Она умирала и грезила…
Казалось, сейчас поднимется и скажет:
– Мне лучше…Сколько я ни всматривался в даль памяти, вместо лица Клеопатры неотступно видел Рыжеволосую Венеру.
Дверь автобуса открылась, и туристы, которые собрались возле, один за другим скрывались в его чреве. Я еще какое-то время постоял на улице.
– Ну идите же… – махнула рукой женщина в белом. – Уже отправляемся…

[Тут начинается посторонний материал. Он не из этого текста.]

lemma pochhammer_quarter_neq_0: "pochhammer (1 / 4 :: complex) n \<noteq> 0" "pochhammer (- 1 / 4 :: complex) n \<noteq> 0"
proof -
  have "Re (1 / 4 + of_nat k :: complex) \<noteq> 0" "Re (- 1 / 4 + of_nat k :: complex) \<noteq> 0" for k
    by (simp, cases k) auto
  then have "1 / 4 + of_nat k \<noteq> (0 :: complex)" "- 1 / 4 + of_nat k \<noteq> (0 :: complex)" for k
    by (metis zero_complex.sel(1))+
  then show "pochhammer (1 / 4 :: complex) n \<noteq> 0" "pochhammer (- 1 / 4 :: complex) n \<noteq> 0"
    unfolding pochhammer_neq_0_iff by blast+
qed

lemma harmonic_F32_closed_form:
  fixes x :: complex
  assumes "pochhammer (x / 2 + 1) n \<noteq> 0" "pochhammer ((x + 1) / 2) n \<noteq> 0"
    "pochhammer (x + 1 / 2 + of_nat n) n \<noteq> 0"
  shows "(\<Sum>k=0..n. F32_term (x + 1 / 2) ((x + 1) / 2) n k * H (2 * k) x) =
    4 ^ n / 4 * (pochhammer (x / 2 + 3 / 4) n * pochhammer (1 / 4) n) /
      (pochhammer ((x + 1) / 2) n * pochhammer (x + 1 / 2 + of_nat n) n) * (H n ((x - 1) / 2) - H n (- 3 / 4))
    + 4 ^ n / 4 * (pochhammer (x / 2 + 1 / 4) n * pochhammer (- 1 / 4) n) /
      (pochhammer ((x + 1) / 2) n * pochhammer (x + 1 / 2 + of_nat n) n) * (H n ((x - 1) / 2) - H n (- 5 / 4))"
proof -
  define c u where "c = x + 1 / 2" and "u = (x + 1) / 2"
  have params: "c + 1 - u = x / 2 + 1" "c - u = x / 2" "u - 1 = (x - 1) / 2" "c + of_nat n = x + 1 / 2 + of_nat n"
    "u - c / 2 = 1 / 4" "u - (c / 2 + 1 / 2) = - 1 / 4" "c / 2 + 1 / 2 = x / 2 + 3 / 4" "c / 2 = x / 2 + 1 / 4"
    "u - c / 2 - 1 = - 3 / 4" "u - (c / 2 + 1 / 2) - 1 = - 5 / 4"
    unfolding c_def u_def by (simp_all add: field_simps)
  note pochhammer_quarter_neq_0
  then have "pochhammer (c + 1 - u) n \<noteq> 0" "pochhammer u n \<noteq> 0" "pochhammer (c + of_nat n) n \<noteq> 0"
    "pochhammer (u - c / 2) n \<noteq> 0" "pochhammer (u - (c / 2 + 1 / 2)) n \<noteq> 0"
    unfolding params(1,4,5,6) using assms by (simp_all add: u_def)
  note identity = F32_harmonic_identity[OF this, unfolded params(9,10)]
  have part1: "F32_closed_part c u n (c / 2 + 1 / 2) (c / 2) = 4 ^ n / 2 * pochhammer (x / 2 + 3 / 4) n *
      pochhammer (1 / 4) n / (pochhammer ((x + 1) / 2) n * pochhammer (x + 1 / 2 + of_nat n) n)"
    unfolding F32_closed_part_def params(4,5,7) unfolding u_def ..
  have part2: "F32_closed_part c u n (c / 2) (c / 2 + 1 / 2) = 4 ^ n / 2 * pochhammer (x / 2 + 1 / 4) n *
      pochhammer (- 1 / 4) n / (pochhammer ((x + 1) / 2) n * pochhammer (x + 1 / 2 + of_nat n) n)"
    unfolding F32_closed_part_def params(4,6) unfolding params(8) u_def ..
  have halve: "(4 ^ n / 2 * a * a' / b * X + 4 ^ n / 2 * d * d' / b * Y) / 2 =
      4 ^ n / 4 * (a * a') / b * X + 4 ^ n / 4 * (d * d') / b * Y" for a a' b d d' X Y :: complex
    by (simp add: divide_simps)
  have "(\<Sum>k=0..n. F32_term (x + 1 / 2) ((x + 1) / 2) n k * H (2 * k) x) =
      (\<Sum>k=0..n. F32_term c u n k * (H k (c - u) + H k (u - 1))) / 2"
    unfolding H_double params(2,3) sum_divide_distrib unfolding c_def u_def by simp
  also have "\<dots> = (F32_closed_part c u n (c / 2 + 1 / 2) (c / 2) * (H n (u - 1) - H n (- 3 / 4)) +
      F32_closed_part c u n (c / 2) (c / 2 + 1 / 2) * (H n (u - 1) - H n (- 5 / 4))) / 2"
    unfolding identity ..
  finally show ?thesis
    unfolding part1 part2 params(3) halve .
qed
(* Let $1\le q\le p<\infty$, $m\in\mathbb{N}$, and let $E_1,\dots,E_m,F$ be Banach spaces over $\mathbb{K}=\mathbb{R}$ or $\mathbb{C}$. Then $$\eta^{m\text{-}mult}_{(p,q)}(E_1,\dots,E_m;F)\le\frac mp\ \text{ for } 1\le q\le 2,\qquad \eta^{m\text{-}mult}_{(p,q)}(E_1,\dots,E_m;F)\le\frac{mq}{2p}\ \text{ for } q\ge2.$$
   Context: For vectors $x_1,\dots,x_n$ in a Banach space $E$ and $q>0$, $\|(x_k)_{k=1}^n\|_{w,q}:=\sup_{\varphi\in B_{E^*}}\left(\sum_{k=1}^n|\varphi(x_k)|^q\right)^{1/q}$, where $B_{E^*}$ is the closed unit ball of the dual. $\mathcal{L}(E_1,\dots,E_m;F)$ is the space of bounded $m$-linear maps. For $p,q>0$, the multilinear $m$-index of $(p,q)$-summability $\eta^{m\text{-}mult}_{(p,q)}(E_1,\dots,E_m;F)$ is the infimum of all real numbers $s$ with the property: for every $T\in\mathcal{L}(E_1,\dots,E_m;F)$ there is a constant $C\ge0$ (depending only on $m$ and $T$) such that $$\left(\sum_{k_1,\dots,k_m=1}^n\|T(x^{(1)}_{k_1},\dots,x^{(m)}_{k_m})\|^p\right)^{1/p}\le C n^{s}\prod_{i=1}^m\|(x^{(i)}_{k})_{k=1}^n\|_{w,q}$$ for all positive integers $n$ and all $x^{(i)}_k\in E_i$, $1\le k\le n$, $1\le i\le m$. *)

theory Defs
  imports "HOL-Analysis.Analysis" "HOL-Library.Extended_Real"
begin

text \<open>Scalar field K (real or complex) acting on a real Banach space: a K-normed
  vector space structure extending the real one.\<close>
definition kscal :: "('k::real_normed_field \<Rightarrow> 'a::real_normed_vector \<Rightarrow> 'a) \<Rightarrow> bool" where
  "kscal sm \<longleftrightarrow>
     (\<forall>r x. sm (of_real r) x = r *\<^sub>R x) \<and>
     (\<forall>a x y. sm a (x + y) = sm a x + sm a y) \<and>
     (\<forall>a b x. sm (a + b) x = sm a x + sm b x) \<and>
     (\<forall>a b x. sm a (sm b x) = sm (a * b) x) \<and>
     (\<forall>a x. norm (sm a x) = norm a * norm x)"

definition ksubspace :: "('k::real_normed_field \<Rightarrow> 'a::real_normed_vector \<Rightarrow> 'a) \<Rightarrow> 'a set \<Rightarrow> bool" where
  "ksubspace sm S \<longleftrightarrow> 0 \<in> S \<and> (\<forall>x\<in>S. \<forall>y\<in>S. x + y \<in> S) \<and> (\<forall>c. \<forall>x\<in>S. sm c x \<in> S)"

text \<open>A family E_0,...,E_{m-1} of K-Banach spaces, realised as closed K-subspaces of a
  common K-Banach space.\<close>
definition banach_family :: "('k::real_normed_field \<Rightarrow> 'a::banach \<Rightarrow> 'a) \<Rightarrow> (nat \<Rightarrow> 'a set) \<Rightarrow> nat \<Rightarrow> bool" where
  "banach_family sm E m \<longleftrightarrow> kscal sm \<and> (\<forall>i<m. closed (E i) \<and> ksubspace sm (E i))"

definition dual_ball :: "('k::real_normed_field \<Rightarrow> 'a::real_normed_vector \<Rightarrow> 'a) \<Rightarrow> 'a set \<Rightarrow> ('a \<Rightarrow> 'k) set" where
  "dual_ball sm S = {\<phi>. (\<forall>x\<in>S. \<forall>y\<in>S. \<phi> (x + y) = \<phi> x + \<phi> y) \<and>
                        (\<forall>c. \<forall>x\<in>S. \<phi> (sm c x) = c * \<phi> x) \<and>
                        (\<forall>x\<in>S. norm (\<phi> x) \<le> norm x)}"

definition weak_norm :: "('k::real_normed_field \<Rightarrow> 'a::real_normed_vector \<Rightarrow> 'a) \<Rightarrow> 'a set \<Rightarrow> real \<Rightarrow> (nat \<Rightarrow> 'a) \<Rightarrow> nat \<Rightarrow> real" where
  "weak_norm sm S q x n = (SUP \<phi>\<in>dual_ball sm S. (\<Sum>k<n. norm (\<phi> (x k)) powr q) powr (1/q))"

text \<open>Bounded m-linear maps E_0 x ... x E_{m-1} -> F (F the whole type 'b); arguments are
  extensional tuples in PiE {..<m} E.\<close>
definition bounded_mlinear ::
  "('k::real_normed_field \<Rightarrow> 'a::real_normed_vector \<Rightarrow> 'a) \<Rightarrow> (nat \<Rightarrow> 'a set) \<Rightarrow> nat \<Rightarrow>
   ('k \<Rightarrow> 'b::real_normed_vector \<Rightarrow> 'b) \<Rightarrow> ((nat \<Rightarrow> 'a) \<Rightarrow> 'b) \<Rightarrow> bool" where
  "bounded_mlinear sm E m smF T \<longleftrightarrow>
     (\<forall>x\<in>PiE {..<m} E. \<forall>i<m. \<forall>y\<in>E i.
        T (x(i := x i + y)) = T x + T (x(i := y))) \<and>
     (\<forall>x\<in>PiE {..<m} E. \<forall>i<m. \<forall>c.
        T (x(i := sm c (x i))) = smF c (T x)) \<and>
     (\<exists>C. \<forall>x\<in>PiE {..<m} E. norm (T x) \<le> C * (\<Prod>i<m. norm (x i)))"

definition eta_mult ::
  "('k::real_normed_field \<Rightarrow> 'a::real_normed_vector \<Rightarrow> 'a) \<Rightarrow> (nat \<Rightarrow> 'a set) \<Rightarrow>
   ('k \<Rightarrow> 'b::real_normed_vector \<Rightarrow> 'b) \<Rightarrow> nat \<Rightarrow> real \<Rightarrow> real \<Rightarrow> ereal" where
  "eta_mult sm E smF m p q = Inf (ereal ` {s::real.
     \<forall>T. bounded_mlinear sm E m smF T \<longrightarrow>
       (\<exists>C\<ge>0. \<forall>n::nat. \<forall>xs::nat \<Rightarrow> nat \<Rightarrow> 'a. n \<ge> 1 \<longrightarrow> (\<forall>i<m. \<forall>k<n. xs i k \<in> E i) \<longrightarrow>
          (\<Sum>k\<in>PiE {..<m} (\<lambda>_. {..<n}). norm (T (\<lambda>i\<in>{..<m}. xs i (k i))) powr p) powr (1/p)
            \<le> C * real n powr s * (\<Prod>i<m. weak_norm sm (E i) q (xs i) n))})"

end

theory Submission
  imports Defs
begin

text \<open>Every term \<open>\<parallel>T(x\<^sup>1\<^sub>k\<^sub>1, \<dots>, x\<^sup>m\<^sub>k\<^sub>m)\<parallel>\<close> of the sum is at most \<open>\<parallel>T\<parallel> \<Prod>\<^sub>i \<parallel>x\<^sup>i\<^sub>k\<^sub>i\<parallel>\<close>, and
  \<open>\<parallel>x\<^sub>k\<parallel> \<le> \<parallel>(x\<^sub>j)\<parallel>\<^sub>w\<^sub>,\<^sub>q\<close> because the dual unit ball is norming (Hahn--Banach, obtained from Zorn's
  lemma applied to graphs of norm-dominated functionals; over \<open>\<complex>\<close> one takes
  \<open>\<phi> = f - \<i> f(\<i> \<cdot>)\<close>). Summing the \<open>n\<^sup>m\<close> terms gives the exponent \<open>m/p\<close> for all \<open>p, q > 0\<close>,
  and \<open>m/p \<le> mq/(2p)\<close> when \<open>q \<ge> 2\<close>.\<close>

text \<open>A real-linear functional on a linear subspace of \<open>S\<close>, dominated by the norm, encoded
  by its graph so that Zorn's lemma can be applied to set inclusion.\<close>
definition dominated_linear_graph :: "'a::real_normed_vector set \<Rightarrow> ('a \<times> real) set \<Rightarrow> bool" where
  "dominated_linear_graph S G \<longleftrightarrow> G \<subseteq> S \<times> UNIV \<and>
     (\<forall>a u b v. (a, u) \<in> G \<longrightarrow> (b, v) \<in> G \<longrightarrow> (a + b, u + v) \<in> G) \<and>
     (\<forall>a u c. (a, u) \<in> G \<longrightarrow> (c *\<^sub>R a, c * u) \<in> G) \<and>
     (\<forall>a u. (a, u) \<in> G \<longrightarrow> u \<le> norm a)"

context
  fixes S :: "'a::real_normed_vector set" and G :: "('a \<times> real) set"
  assumes G: "dominated_linear_graph S G"
begin

lemma dominated_linear_graph_subset: "(a, u) \<in> G \<Longrightarrow> a \<in> S"
  and dominated_linear_graph_add: "(a, u) \<in> G \<Longrightarrow> (b, v) \<in> G \<Longrightarrow> (a + b, u + v) \<in> G"
  and dominated_linear_graph_scale: "(a, u) \<in> G \<Longrightarrow> (c *\<^sub>R a, c * u) \<in> G"
  and dominated_linear_graph_le_norm: "(a, u) \<in> G \<Longrightarrow> u \<le> norm a"
  using G unfolding dominated_linear_graph_def by blast+

lemma dominated_linear_graph_unique:
  assumes "(a, u) \<in> G" "(a, v) \<in> G" shows "u = v"
proof -
  have "(a + (- 1) *\<^sub>R a, u + (- 1) * v) \<in> G"
    using assms by (intro dominated_linear_graph_add dominated_linear_graph_scale)
  then have diff: "(0, u - v) \<in> G" by simp
  then have "((- 1) *\<^sub>R 0, (- 1) * (u - v)) \<in> G" by (rule dominated_linear_graph_scale)
  then have "v - u \<le> 0" using dominated_linear_graph_le_norm by fastforce
  moreover have "u - v \<le> 0" using dominated_linear_graph_le_norm[OF diff] by simp
  ultimately show ?thesis by simp
qed

text \<open>The one-dimensional extension step: the new value \<open>c\<close> at \<open>y\<close> must satisfy
  \<open>v - \<parallel>b - y\<parallel> \<le> c \<le> \<parallel>a + y\<parallel> - u\<close> for all \<open>(a, u), (b, v) \<in> G\<close>,
  which is possible since \<open>v + u \<le> \<parallel>b + a\<parallel> \<le> \<parallel>b - y\<parallel> + \<parallel>a + y\<parallel>\<close>.\<close>
lemma dominated_linear_graph_separating_value:
  assumes "G \<noteq> {}"
  obtains c where "\<And>b v. (b, v) \<in> G \<Longrightarrow> v - norm (b - y) \<le> c"
    and "\<And>a u. (a, u) \<in> G \<Longrightarrow> c \<le> norm (a + y) - u"
proof -
  define A where "A = {v - norm (b - y) | b v. (b, v) \<in> G}"
  have key: "v - norm (b - y) \<le> norm (a + y) - u" if "(b, v) \<in> G" "(a, u) \<in> G" for a b u v
  proof -
    have "v + u \<le> norm (b + a)"
      using that by (intro dominated_linear_graph_le_norm dominated_linear_graph_add)
    also have "\<dots> \<le> norm (b - y) + norm (a + y)"
      using norm_triangle_ineq[of "b - y" "a + y"] by simp
    finally show ?thesis by simp
  qed
  have "A \<noteq> {}" using assms unfolding A_def by auto
  moreover have "bdd_above A" unfolding A_def bdd_above_def using key assms by fast
  ultimately have "v - norm (b - y) \<le> Sup A" "Sup A \<le> norm (a + y) - u"
    if "(b, v) \<in> G" "(a, u) \<in> G" for a b u v
    using that key by (auto simp: A_def intro!: cSup_upper cSup_least)
  with assms show ?thesis by (intro that[of "Sup A"]) auto
qed

lemma dominated_linear_graph_extension_value:
  assumes "G \<noteq> {}"
  obtains c where "\<And>a u t. (a, u) \<in> G \<Longrightarrow> u + t * c \<le> norm (a + t *\<^sub>R y)"
proof -
  obtain c where upper: "\<And>b v. (b, v) \<in> G \<Longrightarrow> v - norm (b - y) \<le> c"
    and lower: "\<And>a u. (a, u) \<in> G \<Longrightarrow> c \<le> norm (a + y) - u"
    using dominated_linear_graph_separating_value[OF assms] by blast
  have "u + t * c \<le> norm (a + t *\<^sub>R y)" if au: "(a, u) \<in> G" for a u t
  proof (cases t "0 :: real" rule: linorder_cases)
    case less
    have "(- 1 / t) * u - norm ((- 1 / t) *\<^sub>R a - y) \<le> c"
      using upper[OF dominated_linear_graph_scale[OF au, of "- 1 / t"]] by simp
    then have "- t * ((- 1 / t) * u - norm ((- 1 / t) *\<^sub>R a - y)) \<le> - t * c"
      using less by (intro mult_left_mono) auto
    moreover have "- t * norm ((- 1 / t) *\<^sub>R a - y) = norm ((- t) *\<^sub>R ((- 1 / t) *\<^sub>R a - y))"
      using less by simp
    moreover have "(- t) *\<^sub>R ((- 1 / t) *\<^sub>R a - y) = a + t *\<^sub>R y"
      using less by (simp add: algebra_simps)
    ultimately show ?thesis using less by (simp add: algebra_simps)
  next
    case equal
    then show ?thesis using dominated_linear_graph_le_norm[OF au] by simp
  next
    case greater
    have "c \<le> norm ((1 / t) *\<^sub>R a + y) - (1 / t) * u"
      using lower[OF dominated_linear_graph_scale[OF au, of "1 / t"]] by simp
    then have "t * c \<le> t * (norm ((1 / t) *\<^sub>R a + y) - (1 / t) * u)"
      using greater by simp
    moreover have "t * norm ((1 / t) *\<^sub>R a + y) = norm (t *\<^sub>R ((1 / t) *\<^sub>R a + y))"
      using greater by simp
    moreover have "t *\<^sub>R ((1 / t) *\<^sub>R a + y) = a + t *\<^sub>R y"
      using greater by (simp add: algebra_simps)
    ultimately show ?thesis using greater by (simp add: algebra_simps)
  qed
  then show ?thesis by (rule that)
qed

На мгновение у меня возникло сильное предчувствие, что я впутываюсь во что-то неотвратимо-разрушительное.
– Поехали…
Я вдруг ощутил странное чувство неизмеримого голода, в котором был привкус еще одного чувства – страха, от которого само основание любви к ней шаталось в моем сознании.
Одно место в самом конце автобуса было свободным. Я сел, хотя меня переполняла жажда движения. Рядом со мной сидел седой усатый джентльмен с трубкой в зубах. Курить в автобусе не разрешалось, и он то и дело вынимал трубку и тоскливо постукивал по ней пальцем.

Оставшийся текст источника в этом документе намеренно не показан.